Assignment:
After finding the line with "Y \<Longrightarrow> (\<Sum>z\<in>Z." in the entries below, retype exactly each line from there through the line with "using assms by (intro sum_mono", including that final line.

Provided records:
lemma mi_term_eq_xlogx:
  assumes "a \<ge> 0" "b \<ge> 0"
  shows "mi_term a b = (xlogx a + xlogx b - xlogx (a + b) + a + b) / 2"
proof (cases "a + b = 0")
  case True
  then show ?thesis using assms by (simp add: mi_term_def kl_term_def xlogx_def)
next
  case False
  then have s: "a + b > 0" using assms by simp
  have kl: "kl_term c ((a + b) / 2) = xlogx c - c * (log 2 (a + b) - 1)" if "c \<ge> 0" for c
  proof (cases "c = 0")
    case False
    then have "log 2 (c / ((a + b) / 2)) = log 2 c - (log 2 (a + b) - 1)"
      using that s by (simp add: log_divide log_mult)
    then show ?thesis using False by (simp add: kl_term_def xlogx_def right_diff_distrib)
  qed (simp add: kl_term_def xlogx_def)
  have "xlogx (a + b) = a * log 2 (a + b) + b * log 2 (a + b)"
    using s by (simp add: xlogx_def distrib_right)
  then show ?thesis unfolding mi_term_def kl[OF assms(1)] kl[OF assms(2)] by argo
qed

definition mutual_info_bin :: "(bool \<Rightarrow> 'y \<Rightarrow> real) \<Rightarrow> 'y set \<Rightarrow> real" where
  "mutual_info_bin W Y = (\<Sum>u\<in>(UNIV::bool set). \<Sum>y\<in>Y.
        (if W u y = 0 then 0
         else (1/2) * W u y * log 2 (W u y / ((W False y + W True y) / 2))))"

lemma mutual_info_bin_eq_sum_mi_term:
  "mutual_info_bin W Y = (\<Sum>y\<in>Y. mi_term (W False y) (W True y))"
  unfolding mutual_info_bin_def
  by (subst sum.swap) (intro sum.cong refl, simp add: UNIV_bool mi_term_def kl_term_def)

lemma mutual_info_bin_data_processing:
  assumes "finite Y" "finite Z"
    and W_nonneg: "\<And>u y. y \<in> Y \<Longrightarrow> W u y \<ge> 0"
    and T_nonneg: "\<And>y z. y \<in> Y \<Longrightarrow> z \<in> Z \<Longrightarrow> T y z \<ge> 0"
    and T_stochastic: "\<And>y. y \<in> Y \<Longrightarrow> (\<Sum>z\<in>Z. T y z) = 1"
    and W'_eq: "\<And>u z. z \<in> Z \<Longrightarrow> W' u z = (\<Sum>y\<in>Y. T y z * W u y)"
  shows "mutual_info_bin W' Z \<le> mutual_info_bin W Y"
proof -
  have "mutual_info_bin W' Z =
        (\<Sum>z\<in>Z. mi_term (\<Sum>y\<in>Y. T y z * W False y) (\<Sum>y\<in>Y. T y z * W True y))"
    unfolding mutual_info_bin_eq_sum_mi_term using W'_eq by (intro sum.cong) auto
  also have "\<dots> \<le> (\<Sum>z\<in>Z. \<Sum>y\<in>Y. mi_term (T y z * W False y) (T y z * W True y))"
    using assms by (intro sum_mono mi_term_sum_le) auto
  also have "\<dots> = (\<Sum>y\<in>Y. (\<Sum>z\<in>Z. T y z) * mi_term (W False y) (W True y))"
    using T_nonneg by (subst sum.swap) (simp add: mi_term_scale sum_distrib_right)
  also have "\<dots> = mutual_info_bin W Y"
    unfolding mutual_info_bin_eq_sum_mi_term using T_stochastic by simp
  finally show ?thesis .
qed

section \<open>Degrading the relays\<close>

lemma mutual_info_unif_eq: "mutual_info_unif K p = mutual_info_bin (chan K p) (outs K)"
  unfolding mutual_info_unif_def mutual_info_bin_def ..

lemma finite_outs: "finite (outs K)"
  unfolding outs_def by (intro finite_PiE) auto

lemma sum_outs_prod:
  fixes f :: "nat \<Rightarrow> bool \<Rightarrow> 'a :: comm_semiring_1"
  shows "(\<Sum>y\<in>outs K. \<Prod>i\<in>{1..K}. f i (y i)) = (\<Prod>i\<in>{1..K}. f i False + f i True)"
  unfolding outs_def using prod_sum_PiE[of "{1..K}" "\<lambda>_. UNIV" f]
  by (simp add: UNIV_bool add.commute)

lemma chan_nonneg:
  assumes "\<forall>i\<in>{1..K}. 0 \<le> p i \<and> p i \<le> 1"
  shows "chan K p u y \<ge> 0"
  unfolding chan_def using assms by (intro prod_nonneg) auto

lemma sum_chan_outs: "(\<Sum>y\<in>outs K. chan K p u y) = 1"
  unfolding chan_def
  using sum_outs_prod[where f="\<lambda>i b. if b = u then 1 - p i else p i"] by (cases u) simp_all

definition flip_kernel :: "nat \<Rightarrow> (nat \<Rightarrow> real) \<Rightarrow> (nat \<Rightarrow> bool) \<Rightarrow> (nat \<Rightarrow> bool) \<Rightarrow> real" where
  "flip_kernel K r y z = (\<Prod>i\<in>{1..K}. if z i = y i then 1 - r i else r i)"

lemma sum_flip_kernel: "(\<Sum>z\<in>outs K. flip_kernel K r y z) = 1"
  unfolding flip_kernel_def
  using sum_outs_prod[where f="\<lambda>i b. if b = y i then 1 - r i else r i"]
  by (simp add: prod.neutral if_distrib cong: if_cong)

lemma chan_flip_compose:
  "chan K (\<lambda>i. p i + r i - 2 * p i * r i) u z = (\<Sum>y\<in>outs K. flip_kernel K r y z * chan K p u y)"
proof -
  have "(\<Sum>y\<in>outs K. flip_kernel K r y z * chan K p u y) =
        (\<Sum>y\<in>outs K. \<Prod>i\<in>{1..K}. (if z i = y i then 1 - r i else r i) * (if y i = u then 1 - p i else p i))"
    unfolding flip_kernel_def chan_def by (simp add: prod.distrib)
  also have "\<dots> = chan K (\<lambda>i. p i + r i - 2 * p i * r i) u z"
    using sum_outs_prod[where f="\<lambda>i b. (if z i = b then 1 - r i else r i) * (if b = u then 1 - p i else p i)"]
    unfolding chan_def by (auto intro!: prod.cong simp: algebra_simps)
  finally show ?thesis ..
qed

text \<open>A relay with crossover probability p' i is one with crossover probability p i followed by
  an independent flip with probability r i = (p' i - p i) / (1 - 2 p i).\<close>
lemma mutual_info_chan_antimono:
  assumes "\<forall>i\<in>{1..K}. 0 \<le> p i \<and> p i \<le> p' i \<and> p' i \<le> 1/2"
  shows "mutual_info_bin (chan K p') (outs K) \<le> mutual_info_bin (chan K p) (outs K)"
proof -
  define r where "r i = (if p i = 1/2 then 0 else (p' i - p i) / (1 - 2 * p i))" for i
  have r: "0 \<le> r i \<and> r i \<le> 1 \<and> p' i = p i + r i - 2 * p i * r i" if "i \<in> {1..K}" for i
  proof (cases "p i = 1/2")
    case False
    have "p i \<le> p' i" "p' i \<le> 1/2" using assms that by auto
    with False have pos: "1 - 2 * p i > 0" by linarith
    then have "r i * (1 - 2 * p i) = p' i - p i" using False by (simp add: r_def)
    then have "p' i = p i + r i - 2 * p i * r i" by (simp add: algebra_simps)
    moreover have "p' i - p i \<le> 1 - 2 * p i" using \<open>p i \<le> p' i\<close> \<open>p' i \<le> 1/2\<close> by linarith
    ultimately show ?thesis
      using pos \<open>p i \<le> p' i\<close> False by (simp add: r_def divide_le_eq)
  next
    case True
    moreover have "p i \<le> p' i" "p' i \<le> 1/2" using assms that by auto
    ultimately show ?thesis by (simp add: r_def)
  qed
  have "chan K p' u z = chan K (\<lambda>i. p i + r i - 2 * p i * r i) u z" for u z
    unfolding chan_def using r by (intro prod.cong) auto
  then show ?thesis
  proof (intro mutual_info_bin_data_processing[OF finite_outs finite_outs, where T = "flip_kernel K r"])
    show "0 \<le> chan K p u y" for u y
      using assms by (intro chan_nonneg) auto
    show "0 \<le> flip_kernel K r y z" for y z
      unfolding flip_kernel_def using r by (intro prod_nonneg) auto
  qed (simp_all add: sum_flip_kernel chan_flip_compose)
qed

section \<open>The comparison channel\<close>

lemma xlogx_mult: "a \<ge> 0 \<Longrightarrow> b \<ge> 0 \<Longrightarrow> xlogx (a * b) = a * xlogx b + b * xlogx a"
  by (cases "a = 0"; cases "b = 0") (auto simp: xlogx_def log_mult algebra_simps)

lemma xlogx_power: "x \<ge> 0 \<Longrightarrow> xlogx (x ^ k) = real k * x ^ (k - 1) * xlogx x"
proof (cases "x = 0")
  case False
  moreover assume "x \<ge> 0"
  ultimately have "log 2 (x ^ k) = real k * log 2 x" by (simp add: log_nat_power)
  with False show ?thesis by (cases k) (simp_all add: xlogx_def)
qed (cases k; simp add: xlogx_def)

lemma binomial_deriv1_rev:
  "(\<Sum>k\<le>m. real (m choose k) * x ^ k * (real (m - k) * y ^ (m - k - 1))) = real m * (x + y) ^ (m - 1)"
proof -
  have "(\<Sum>k\<le>m. real (m choose k) * x ^ k * (real (m - k) * y ^ (m - k - 1))) =
        (\<Sum>k\<le>m. (real k * real (m choose k)) * y ^ (k - 1) * x ^ (m - k))"
    unfolding atMost_atLeast0
    by (subst sum.atLeastAtMost_rev) (intro sum.cong refl, auto simp: binomial_symmetric[symmetric])
  also have "\<dots> = real m * (x + y) ^ (m - 1)"
    using binomial_deriv1[of m y x] by (simp add: add.commute)
  finally show ?thesis .
qed

lemma sum_binomial_xlogx:
  fixes x y :: real
  assumes "x \<ge> 0" "y \<ge> 0"
  shows "(\<Sum>k\<le>m. real (m choose k) * xlogx (x ^ k * y ^ (m - k))) =
         real m * (x + y) ^ (m - 1) * (xlogx x + xlogx y)"
proof -
  have "real (m choose k) * xlogx (x ^ k * y ^ (m - k)) =
        (real k * real (m choose k)) * x ^ (k - 1) * y ^ (m - k) * xlogx x +
        real (m choose k) * x ^ k * (real (m - k) * y ^ (m - k - 1)) * xlogx y" for k
    using assms by (simp only: xlogx_mult xlogx_power zero_le_power) (simp only: algebra_simps)
  then have "(\<Sum>k\<le>m. real (m choose k) * xlogx (x ^ k * y ^ (m - k))) =
        (\<Sum>k\<le>m. (real k * real (m choose k)) * x ^ (k - 1) * y ^ (m - k)) * xlogx x +
        (\<Sum>k\<le>m. real (m choose k) * x ^ k * (real (m - k) * y ^ (m - k - 1))) * xlogx y"
    by (simp only: sum.distrib sum_distrib_right)
  also have "\<dots> = real m * (x + y) ^ (m - 1) * (xlogx x + xlogx y)"
    by (simp only: binomial_deriv1 binomial_deriv1_rev distrib_left)
  finally show ?thesis .
qed

lemma sum_Pow_card:
  assumes "finite M"
  shows "(\<Sum>T\<in>Pow M. (G (card T) :: real)) = (\<Sum>k\<le>card M. real (card M choose k) * G k)"
proof -
  have "(\<Sum>T\<in>Pow M. G (card T)) = (\<Sum>k\<in>{..card M}. \<Sum>T\<in>{T. T \<in> Pow M \<and> card T = k}. G (card T))"
    using assms by (intro sum.group[symmetric]) (auto intro: card_mono)
  also have "\<dots> = (\<Sum>k\<le>card M. \<Sum>T\<in>{T. T \<subseteq> M \<and> card T = k}. G k)"
    by (intro sum.cong) auto
  also have "\<dots> = (\<Sum>k\<le>card M. real (card M choose k) * G k)"
    using n_subsets[OF assms] by simp
  finally show ?thesis .
qed

lemma sum_outs_card_filter:
  assumes "M \<subseteq> {1..K}"
  shows "(\<Sum>z\<in>outs K. (G (card {i\<in>M. z i}) :: real)) =
         2 ^ (K - card M) * (\<Sum>k\<le>card M. real (card M choose k) * G k)"
proof -
  have fM: "finite M" using assms finite_subset by blast
  have "(\<Sum>z\<in>outs K. G (card {i\<in>M. z i})) = (\<Sum>(T, U)\<in>Pow M \<times> Pow ({1..K} - M). G (card T))"
    using assms
    by (intro sum.reindex_bij_witness[of _ "\<lambda>(T, U) i. if i \<in> {1..K} then i \<in> T \<union> U else undefined"
          "\<lambda>z. ({i\<in>M. z i}, {i\<in>{1..K} - M. z i})"])
       (auto simp: outs_def PiE_def extensional_def)
  also have "\<dots> = 2 ^ card ({1..K} - M) * (\<Sum>T\<in>Pow M. G (card T))"
    by (simp add: sum.cartesian_product[symmetric] card_Pow sum_distrib_left)
  also have "card ({1..K} - M) = K - card M"
    using assms fM by (simp add: card_Diff_subset)
  finally show ?thesis by (simp add: sum_Pow_card[OF fM])
qed

lemma sum_binomial_Suc_symmetric:
  fixes h :: "nat \<Rightarrow> real"
  assumes sym: "\<And>k. k \<le> Suc n \<Longrightarrow> h (Suc n - k) = h k"
  shows "(\<Sum>k\<le>Suc n. real (Suc n choose k) * h k) = 2 * (\<Sum>k\<le>n. real (n choose k) * h k)"
proof -
  have "(\<Sum>k\<le>Suc n. real (Suc n choose k) * h k) =
        (\<Sum>k\<le>n. real (n choose k) * h (Suc k)) + (h 0 + (\<Sum>k\<le>n. real (n choose Suc k) * h (Suc k)))"
    by (subst sum.atMost_Suc_shift) (simp add: sum.distrib algebra_simps)
  also have "h 0 + (\<Sum>k\<le>n. real (n choose Suc k) * h (Suc k)) = (\<Sum>k\<le>Suc n. real (n choose k) * h k)"
    by (subst sum.atMost_Suc_shift[of _ n]) simp
  also have "\<dots> = (\<Sum>k\<le>n. real (n choose k) * h k)"
    by simp
  also have "(\<Sum>k\<le>n. real (n choose k) * h (Suc k)) = (\<Sum>k\<le>n. real (n choose k) * h k)"
    unfolding atMost_atLeast0
  proof (subst sum.atLeastAtMost_rev, intro sum.cong refl)
    fix k assume "k \<in> {0..n}"
    then show "real (n choose (n + 0 - k)) * h (Suc (n + 0 - k)) = real (n choose k) * h k"
      using sym[of k] by (simp add: binomial_symmetric[symmetric] Suc_diff_le)
  qed
  finally show ?thesis by simp
qed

Task solution:
    and T_stochastic: "\<And>y. y \<in> Y \<Longrightarrow> (\<Sum>z\<in>Z. T y z) = 1"
    and W'_eq: "\<And>u z. z \<in> Z \<Longrightarrow> W' u z = (\<Sum>y\<in>Y. T y z * W u y)"
  shows "mutual_info_bin W' Z \<le> mutual_info_bin W Y"
proof -
  have "mutual_info_bin W' Z =
        (\<Sum>z\<in>Z. mi_term (\<Sum>y\<in>Y. T y z * W False y) (\<Sum>y\<in>Y. T y z * W True y))"
    unfolding mutual_info_bin_eq_sum_mi_term using W'_eq by (intro sum.cong) auto
  also have "\<dots> \<le> (\<Sum>z\<in>Z. \<Sum>y\<in>Y. mi_term (T y z * W False y) (T y z * W True y))"
    using assms by (intro sum_mono mi_term_sum_le) auto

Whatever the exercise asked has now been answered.